The offense of the Cross

The Cross offends the world – and an increasing number of church denominations – for a number of reasons. The Church of Sweden has found a new one.

The Swedish Church’s head of communications, Gunnar Sjoberg, thinks it is offensive to wear a cross in support of persecuted Christians; he makes no mention of whether he finds persecuting Christians to be offensive.

Coincidentally, around the same time Sjoberg made his pronouncement, membership in his church plummeted.

From here:

“Provocative and un-‎Christian”: ‎That is how Gunnar Sjoberg, the head of communications for the Swedish Church, chose to ‎comment on the August social media campaign #MittKors (“MyCross”), which urged Christians and ‎others to wear a cross in support of the world’s persecuted Christians. ‎

The campaign was a reaction to Christians being murdered or kidnapped and enslaved by the Islamic State group, the Islamic terrorists pillaging village after village throughout the ‎Middle East, and one would think this campaign would be given unanimous support.

But ‎then, one would be mistaken. ‎

[….]

Sjoberg says, “The ‎cross of Christ may end up being used as a weapon against another faith and not as a ‎symbol of support for Christians,” thus choosing not to engage with the issue. This is cowardly and unjust, although it is in line with the Swedish Church’s documented lack of moral compass. Sweden’s ‎largest daily newspaper, Aftonbladet, has a similar and equally offensive reaction, ‎comparing the cross to the swastika and the #MyCross campaign to that of Nazi ‎propaganda, thus playing shamelessly into the hands of the extremists who have made ‎Christians into the world’s most persecuted group. ‎

No Cross, no Christianity

Giles Fraser is an Anglican clergyman who doesn’t much like evangelicals or Holy Trinity Brompton or any church that is large and successful or Alpha. He thinks that people who have “a personal relationship” with Jesus are creepy.

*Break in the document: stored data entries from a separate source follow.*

(* Let $N\geq 0$ be an integer. Then for all real $t$, \[ \tanh t=\sum_{j=1}^{N}\frac{2^{2j}(2^{2j}-1)B_{2j}}{(2j)!}\,t^{2j-1}+\tau_N(t),\qquad \tau_N(t)=(-1)^N\frac{2^{2N+3}t^{2N+1}}{\pi^{2N}}\sum_{k=1}^{\infty}\frac{1}{(2k-1)^{2N}\bigl(\pi^2(2k-1)^2+4t^2\bigr)}. \] Moreover, for every real $t\neq 0$, \[ \tanh t=\sum_{j=1}^{N}\frac{2^{2j}(2^{2j}-1)B_{2j}}{(2j)!}\,t^{2j-1}+\xi(t,N)\,\frac{2^{2N+2}(2^{2N+2}-1)B_{2N+2}}{(2N+2)!}\,t^{2N+1} \] for some number $\xi(t,N)$ with $0<\xi(t,N)<1$.
   Context: The Bernoulli numbers $B_n$ are defined by $\frac{t}{e^t-1}=\sum_{n=0}^\infty B_n\frac{t^n}{n!}$ for $|t|<2\pi$. An empty sum is understood to be zero. *)

theory Defs
  imports "HOL-Analysis.Analysis"
begin

definition bern_gf :: "real \<Rightarrow> real" where
  "bern_gf t = (if t = 0 then 1 else t / (exp t - 1))"

definition bernoulli :: "nat \<Rightarrow> real" where
  "bernoulli = (THE B. \<forall>t. \<bar>t\<bar> < 2 * pi \<longrightarrow>
      (\<lambda>n. B n * t ^ n / fact n) sums bern_gf t)"

end

theory Submission
  imports Defs "HOL-Complex_Analysis.Complex_Analysis"
begin

text \<open>
  The reflection formula for the digamma function gives the partial fraction expansion
  \<open>tanh t = \<Sum>k. 8t / (\<pi>\<^sup>2 (2k+1)\<^sup>2 + 4t\<^sup>2)\<close>. Expanding each summand as a finite geometric
  series in \<open>-4t\<^sup>2 / (\<pi>\<^sup>2 (2k+1)\<^sup>2)\<close> with its exact remainder and summing over \<open>k\<close> yields
  \<open>tanh t = \<Sum>j<N. c\<^sub>j t\<^bsup>2j+1\<^esup> + \<tau>\<^sub>N(t)\<close>, where \<open>c\<^sub>j\<close> is a multiple of the odd sum
  \<open>\<Sum>k. 1 / (2k-1)\<^bsup>2j+2\<^esup>\<close> and \<open>\<tau>\<^sub>N(t) = O(t\<^bsup>2N+1\<^esup>)\<close> uniformly in \<open>t\<close>.
  Since \<open>t/2 - t/2 tanh(t/2) = B(t) - B(2t)\<close> for \<open>B(t) = t/(e\<^sup>t-1)\<close>, comparing this
  expansion with the Taylor series of \<open>B(t) - B(2t)\<close> identifies \<open>c\<^sub>j\<close> with the Bernoulli
  coefficients. The bounds \<open>0 < \<xi> < 1\<close> hold because the series in \<open>\<tau>\<^sub>N(t)\<close> is positive
  and, for \<open>t \<noteq> 0\<close>, smaller than at \<open>t = 0\<close>.
\<close>

section \<open>Power series coefficients\<close>

lemma powser_low_coeff_eq_0:
  fixes e :: "nat \<Rightarrow> 'a :: {real_normed_field,banach}" and R :: "'a \<Rightarrow> 'a"
  assumes r: "0 < r"
    and sums: "\<And>x. norm x < r \<Longrightarrow> (\<lambda>n. e n * x^n) sums (x^K * R x)"
    and bounded: "\<And>x. norm x < r \<Longrightarrow> norm (R x) \<le> C"
    and "m < K"
  shows "e m = 0"
  using \<open>m < K\<close>
proof (induction m rule: less_induct)
  case (less m)
  have "(\<lambda>n. e (n + m) * x^n) sums (x^(K - m) * R x)" if "x \<noteq> 0" "norm x < r" for x
  proof -
    have "(\<lambda>n. e (n + m) * x^(n + m)) sums (x^K * R x)"
      using sums[OF \<open>norm x < r\<close>] less by (subst sums_zero_iff_shift) auto
    then have "(\<lambda>n. e (n + m) * x^(n + m) / x^m) sums (x^K * R x / x^m)"
      by (rule sums_divide)
    then show ?thesis
      using less.prems that by (simp add: power_add power_diff)
  qed
  then have "((\<lambda>x. x^(K - m) * R x) \<longlongrightarrow> e (0 + m)) (at 0)"
    by (intro powser_limit_0_strong[OF r])
  moreover have "((\<lambda>x. x^(K - m) * R x) \<longlongrightarrow> 0) (at 0)"
  proof (rule tendsto_0_le[where K = "max C 1"])
    show "((\<lambda>x::'a. x^(K - m)) \<longlongrightarrow> 0) (at 0)"
      using less.prems by (auto intro!: tendsto_eq_intros)
    have "eventually (\<lambda>x::'a. x \<in> ball 0 r) (at 0)"
      using r by (intro eventually_at_in_open') auto
    then show "eventually (\<lambda>x. norm (x^(K - m) * R x) \<le> norm (x^(K - m)) * max C 1) (at 0)"
      by eventually_elim
         (auto simp: norm_mult intro!: mult_left_mono order.trans[OF bounded])
  qed
  ultimately show ?case
    using LIM_unique by fastforce
qed

lemma powser_coeffs_unique:
  fixes a b :: "nat \<Rightarrow> 'a :: {real_normed_field,banach}"
  assumes "0 < r"
    and "\<And>x. norm x < r \<Longrightarrow> (\<lambda>n. a n * x^n) sums f x"
    and "\<And>x. norm x < r \<Longrightarrow> (\<lambda>n. b n * x^n) sums f x"
  shows "a = b"
proof
  fix m
  have "(\<lambda>n. (a n - b n) * x^n) sums (x^Suc m * 0)" if "norm x < r" for x
    using sums_diff[OF assms(2,3)[OF that]] by (simp add: algebra_simps)
  then have "a m - b m = 0"
    using powser_low_coeff_eq_0[of r "\<lambda>n. a n - b n" "Suc m" "\<lambda>_. 0" 0 m] assms(1)
    by simp
  then show "a m = b m"
    by simp
qed

lemma powser_coeff_eq_if_bounded_remainder:
  fixes d q :: "nat \<Rightarrow> 'a :: {real_normed_field,banach}" and R :: "'a \<Rightarrow> 'a"
  assumes "0 < r"
    and "\<And>x. norm x < r \<Longrightarrow> (\<lambda>n. d n * x^n) sums f x"
    and "\<And>x. norm x < r \<Longrightarrow> (\<lambda>n. q n * x^n) sums p x"
    and "\<And>x. norm x < r \<Longrightarrow> f x = p x + x^K * R x"
    and "\<And>x. norm x < r \<Longrightarrow> norm (R x) \<le> C"
    and "m < K"
  shows "d m = q m"
proof -
  have "(\<lambda>n. (d n - q n) * x^n) sums (x^K * R x)" if "norm x < r" for x
    using sums_diff[OF assms(2,3)[OF that]] assms(4)[OF that] by (simp add: algebra_simps)
  then have "d m - q m = 0"
    by (rule powser_low_coeff_eq_0[OF \<open>0 < r\<close> _ assms(5) \<open>m < K\<close>])
  then show ?thesis
    by simp
qed

section \<open>Bernoulli numbers\<close>

lemma norm_ge_2pi_if_exp_eq_1:
  fixes z :: complex
  assumes "exp z = 1" "z \<noteq> 0"
  shows "2 * pi \<le> norm z"
proof -
  obtain k :: int where "Re z = 0" "Im z = 2 * pi * k"
    using assms(1) by (auto simp: exp_eq_1)
  moreover from this assms(2) have "k \<noteq> 0"
    by (auto simp: complex_eq_iff)
  ultimately show ?thesis
    by (simp add: cmod_eq_Im abs_mult)
qed

lemma holomorphic_exp_minus_1_over:
  "(\<lambda>z::complex. if z = 0 then 1 else (exp z - 1) / z) holomorphic_on UNIV"
proof -
  have "(\<lambda>z::complex. if z = 0 then deriv exp 0 else (exp z - exp 0) / (z - 0)) holomorphic_on UNIV"
    by (rule pole_lemma) (auto intro: holomorphic_intros)
  moreover have "deriv exp (0::complex) = 1"
    using DERIV_imp_deriv[OF DERIV_exp, of "0::complex"] by simp
  ultimately show ?thesis
    by (simp cong: if_cong)
qed

lemma bern_gf_powser_exists:
  "\<exists>B. \<forall>t. \<bar>t\<bar> < 2 * pi \<longrightarrow> (\<lambda>n. B n * t ^ n / fact n) sums bern_gf t"
proof -
  define G where "G z = inverse (if z = 0 then 1 else (exp z - 1) / z)" for z :: complex
  have "(if z = 0 then 1 else (exp z - 1) / z) \<noteq> 0" if "norm z < 2 * pi" for z :: complex
  proof -
    have "exp z \<noteq> 1" if "z \<noteq> 0"
      using norm_ge_2pi_if_exp_eq_1[OF _ that] \<open>norm z < 2 * pi\<close> by linarith
    then show ?thesis
      by simp
  qed
  then have "G holomorphic_on ball 0 (2 * pi)"
    unfolding G_def
    by (intro holomorphic_on_inverse holomorphic_on_subset[OF holomorphic_exp_minus_1_over]) auto
  then have series: "(\<lambda>n. (deriv ^^ n) G 0 / fact n * of_real t ^ n) sums G (of_real t)"
    if "\<bar>t\<bar> < 2 * pi" for t
    using holomorphic_power_series[of G 0 "2 * pi" "of_real t"] that by simp
  have G_of_real: "G (of_real t) = of_real (bern_gf t)" for t
    by (cases "t = 0") (simp_all add: G_def bern_gf_def exp_of_real)
  have Re_term: "Re (c / fact n * of_real t ^ n) = Re c * t ^ n / fact n" for c :: complex and n t
  proof -
    have "c / fact n * of_real t ^ n = of_real (t ^ n / fact n) * c"
      by (simp add: field_simps)
    then show ?thesis
      by (simp only: times_complex.sel Re_complex_of_real Im_complex_of_real) simp
  qed
  have "(\<lambda>n. Re ((deriv ^^ n) G 0) * t ^ n / fact n) sums bern_gf t" if "\<bar>t\<bar> < 2 * pi" for t
    using sums_Re[OF series[OF that]] by (simp only: G_of_real Re_term Re_complex_of_real)
  then show ?thesis
    by (intro exI[of _ "\<lambda>n. Re ((deriv ^^ n) G 0)"]) simp
qed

He reserves a particular dislike, though, for those who believe that Jesus’ death on the cross was a moment of triumph:

Which is why, for the worst sort of Cheesus-loving evangelicals, the cross of Good Friday is actually celebrated as a moment of triumph. This is theologically illiterate. Next week, in the run up to Easter, Christianity goes into existential crisis. It fails.

The disciples run away, unable to cope with the impossible demands placed upon them. The hero they gave up everything to follow is exposed to public ridicule and handed over to Roman execution. And the broken man on the cross begins to fear that God is no longer present.

I suspect what is really rubbing him up the wrong way is that evangelicals believe that, in his time of suffering on the cross, Jesus took upon himself the sins of the whole world – even those of Giles Fraser. He bore the wrath of God the Father for those sins so that we wouldn’t have to, thereby reconciling us to the Father once and for all. How can such a Redemption not be a triumph?

Theological liberals like Giles Fraser don’t like to think about the wrath of God, the innate sinfulness of man and the fact that a holy, just God must punish sin. Theirs is a sub-Christian faith, empty, meaningless, incoherent and worthy of derision.

Without the triumph of the Cross, there is no Christianity.

1,400 year old grave contains remains wearing a cross

From here:

Laid to rest in her best clothes and lying on an ornamental bed, she was probably of noble blood.

Quite how the 16-year-old Anglo Saxon girl died and who she was remain a mystery.

But she was buried wearing a gold cross – suggesting she was one of Britain’s earliest Christians.

[…..]

It was probably sewn into her clothing around the neck and may have been worn in her daily life.

It’s taken 1,400 years for the British government to decide that the cross is not something that it will tolerate being worn “in daily life” and for an Archbishop of Canterbury to declare that a cross is something “religious people make and hang on to as a substitute for true faith”

Such is the march of progress.

A new reason to ban crosses

And this one is even more farfetched than most:

A taxi boss has hit out after one of her drivers was told to remove a religious cross from his vehicle’s dashboard – because it looked ‘very phallic’.

Clair Cook was told by her local council that her driver’s symbol should be removed because they had had a complaint from a 15-year-old schoolboy that the cross was a ‘fake penis’.

It didn’t seem occur to anyone that to a 15-year-old schoolboy almost everything looks ‘very phallic’.